MATERIAL SHOWN:
section \<open>Valuation of the divisor function\<close>

lemma not_dvd_sigma_prime_power:
  assumes p: "prime p" and k: "k \<ge> 1"
  shows "\<not> p dvd sigma k (p ^ \<alpha>)"
proof -
  have "[p ^ k = 0] (mod p)"
    using k by (simp add: cong_0_iff)
  then have "[sigma k (p ^ \<alpha>) = (\<Sum>i<Suc \<alpha>. 0 ^ i)] (mod p)"
    unfolding sigma_prime_power[OF p] by (intro cong_sum cong_pow)
  moreover have "(\<Sum>i<Suc \<alpha>. (0 :: nat) ^ i) = 1"
    by (induction \<alpha>) simp_all
  ultimately have "[sigma k (p ^ \<alpha>) = 1] (mod p)"
    by simp
  then show ?thesis
    using prime_gt_1_nat[OF p] by (simp add: cong_dvd_iff)
qed

lemma multiplicity_sigma_prime_power_not_cong_one:
  fixes p q k \<alpha> :: nat
  assumes q: "prime q" "odd q" and p: "prime p" "p \<noteq> q" and k: "k \<ge> 1"
    and not_one: "\<not> [p ^ k = 1] (mod q)"
  shows "multiplicity q (sigma k (p ^ \<alpha>)) =
    (if ord q (p ^ k) dvd \<alpha> + 1
     then multiplicity q (\<alpha> + 1) + multiplicity q k
          + multiplicity (int q) (cyclotomic_val (ord q p) (int p))
     else 0)"
proof -
  have "p ^ k > 1"
    using prime_gt_1_nat[OF p(1)] k by (intro one_less_power) auto
  then have v: "multiplicity q (sigma k (p ^ \<alpha>)) = multiplicity q (p ^ (k * (\<alpha> + 1)) - 1)"
    unfolding sigma_prime_power[OF p(1)] Suc_eq_plus1 power_mult
    by (rule multiplicity_geometric_sum_not_cong_one[OF q(1) _ not_one])
  have "coprime p q"
    using p q(1) by (simp add: primes_coprime)
  have ord_iff: "ord q (p ^ k) dvd \<alpha> + 1 \<longleftrightarrow> ord q p dvd k * (\<alpha> + 1)"
    by (simp only: ord_divides[symmetric] power_mult)
  show ?thesis
  proof (cases "ord q (p ^ k) dvd \<alpha> + 1")
    case True
    have "multiplicity q (p ^ (k * (\<alpha> + 1)) - 1)
        = multiplicity q (p ^ ord q p - 1) + multiplicity q (k * (\<alpha> + 1))"
      using True k ord_iff
      by (intro multiplicity_power_diff_1_ord_dvd[OF q prime_gt_1_nat[OF p(1)] \<open>coprime p q\<close>]) auto
    moreover have "multiplicity q (k * (\<alpha> + 1)) = multiplicity q k + multiplicity q (\<alpha> + 1)"
      using k q(1) by (intro prime_elem_multiplicity_mult_distrib) auto
    ultimately show ?thesis
      using True
      by (simp add: v multiplicity_cyclotomic_val_ord[OF q(1) prime_gt_1_nat[OF p(1)] \<open>coprime p q\<close>])
  next
    case False
    then have "\<not> [p ^ (k * (\<alpha> + 1)) = 1] (mod q)"
      using ord_iff ord_divides[of p "k * (\<alpha> + 1)" q] by blast
    moreover have "1 \<le> p ^ (k * (\<alpha> + 1))"
      using prime_gt_0_nat[OF p(1)] by simp
    ultimately have "\<not> q dvd p ^ (k * (\<alpha> + 1)) - 1"
      using cong_altdef_nat[of 1 "p ^ (k * (\<alpha> + 1))" q] by simp
    with False show ?thesis
      by (simp add: v not_dvd_imp_multiplicity_0)
  qed
qed

lemma multiplicity_sigma_prime_power:
  fixes p q k \<alpha> :: nat
  assumes q: "prime q" "odd q" and p: "prime p" and k: "k \<ge> 1"
  shows "multiplicity q (sigma k (p ^ \<alpha>)) =
    (if [p ^ k = 1] (mod q) then multiplicity q (\<alpha> + 1)
     else if p \<noteq> q \<and> ord q (p ^ k) dvd \<alpha> + 1
     then multiplicity q (\<alpha> + 1) + multiplicity q k
          + multiplicity (int q) (cyclotomic_val (ord q p) (int p))
     else 0)"
proof -
  consider "[p ^ k = 1] (mod q)" | "p = q" | "\<not> [p ^ k = 1] (mod q)" "p \<noteq> q"
    by blast
  then show ?thesis
  proof cases
    case 1
    then show ?thesis
      using multiplicity_geometric_sum[OF q 1, of "\<alpha> + 1"]
      by (simp only: sigma_prime_power[OF p] Suc_eq_plus1 if_True)
  next
    case 2
    have "q dvd p ^ k"
      using 2 k by simp
    then have "\<not> [p ^ k = 1] (mod q)"
      using prime_gt_1_nat[OF q(1)] by (auto simp: cong_dvd_iff)
    with 2 show ?thesis
      using not_dvd_sigma_prime_power[OF p k] by (simp add: not_dvd_imp_multiplicity_0)
  next
    case 3
    then show ?thesis
      by (simp add: multiplicity_sigma_prime_power_not_cong_one[OF q p 3(2) k 3(1)])
  qed
qed

theorem theorem1:
  fixes n k q :: nat
  assumes "n \<ge> 2" and "k \<ge> 1" and "prime q" and "q \<ge> 3"
  shows "multiplicity q (sigma k n) =
    (\<Sum>p\<in>{p\<in>prime_factors n. [p ^ k = 1] (mod q)}. multiplicity q (multiplicity p n + 1))
    + (\<Sum>p\<in>{p\<in>prime_factors n. p \<noteq> q \<and> \<not> [p ^ k = 1] (mod q)
                 \<and> ord q (p ^ k) dvd multiplicity p n + 1}.
         multiplicity q (multiplicity p n + 1) + multiplicity q k
         + multiplicity (int q) (cyclotomic_val (ord q p) (int p)))"
proof -
  have "odd q"
    using assms(3,4) by (intro prime_odd_nat) auto
  have "n > 0"
    using assms(1) by simp
  have "multiplicity q (sigma k n)
        = (\<Sum>p\<in>prime_factors n. multiplicity q (sigma k (p ^ multiplicity p n)))"
    unfolding sigma_eq_prod_prime_factors[OF \<open>n > 0\<close>]
    using assms(3) sigma_pos
    by (intro prime_elem_multiplicity_prod_distrib) (auto simp: image_iff in_prime_factors_iff prime_gt_0_nat)
  also have "\<dots> = (\<Sum>p\<in>prime_factors n.
      (if [p ^ k = 1] (mod q) then multiplicity q (multiplicity p n + 1) else 0)
      + (if p \<noteq> q \<and> \<not> [p ^ k = 1] (mod q) \<and> ord q (p ^ k) dvd multiplicity p n + 1
         then multiplicity q (multiplicity p n + 1) + multiplicity q k
              + multiplicity (int q) (cyclotomic_val (ord q p) (int p)) else 0))"
    using assms(2,3) \<open>odd q\<close>
    by (intro sum.cong refl) (simp add: in_prime_factors_iff multiplicity_sigma_prime_power)
  also note sum.distrib
  finally show ?thesis
    by (simp only: sum.inter_filter finite_set_mset)
qed

end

AIM OF THE TASK: Look above for the line holding "n. p \<noteq>" and the line holding "then multiplicity q (multiplicity p n + 1) +", then output exactly those two lines and every line between them, nothing more.

OUTPUT FOR THIS TASK:
    + (\<Sum>p\<in>{p\<in>prime_factors n. p \<noteq> q \<and> \<not> [p ^ k = 1] (mod q)
                 \<and> ord q (p ^ k) dvd multiplicity p n + 1}.
         multiplicity q (multiplicity p n + 1) + multiplicity q k
         + multiplicity (int q) (cyclotomic_val (ord q p) (int p)))"
proof -
  have "odd q"
    using assms(3,4) by (intro prime_odd_nat) auto
  have "n > 0"
    using assms(1) by simp
  have "multiplicity q (sigma k n)
        = (\<Sum>p\<in>prime_factors n. multiplicity q (sigma k (p ^ multiplicity p n)))"
    unfolding sigma_eq_prod_prime_factors[OF \<open>n > 0\<close>]
    using assms(3) sigma_pos
    by (intro prime_elem_multiplicity_prod_distrib) (auto simp: image_iff in_prime_factors_iff prime_gt_0_nat)
  also have "\<dots> = (\<Sum>p\<in>prime_factors n.
      (if [p ^ k = 1] (mod q) then multiplicity q (multiplicity p n + 1) else 0)
      + (if p \<noteq> q \<and> \<not> [p ^ k = 1] (mod q) \<and> ord q (p ^ k) dvd multiplicity p n + 1
         then multiplicity q (multiplicity p n + 1) + multiplicity q k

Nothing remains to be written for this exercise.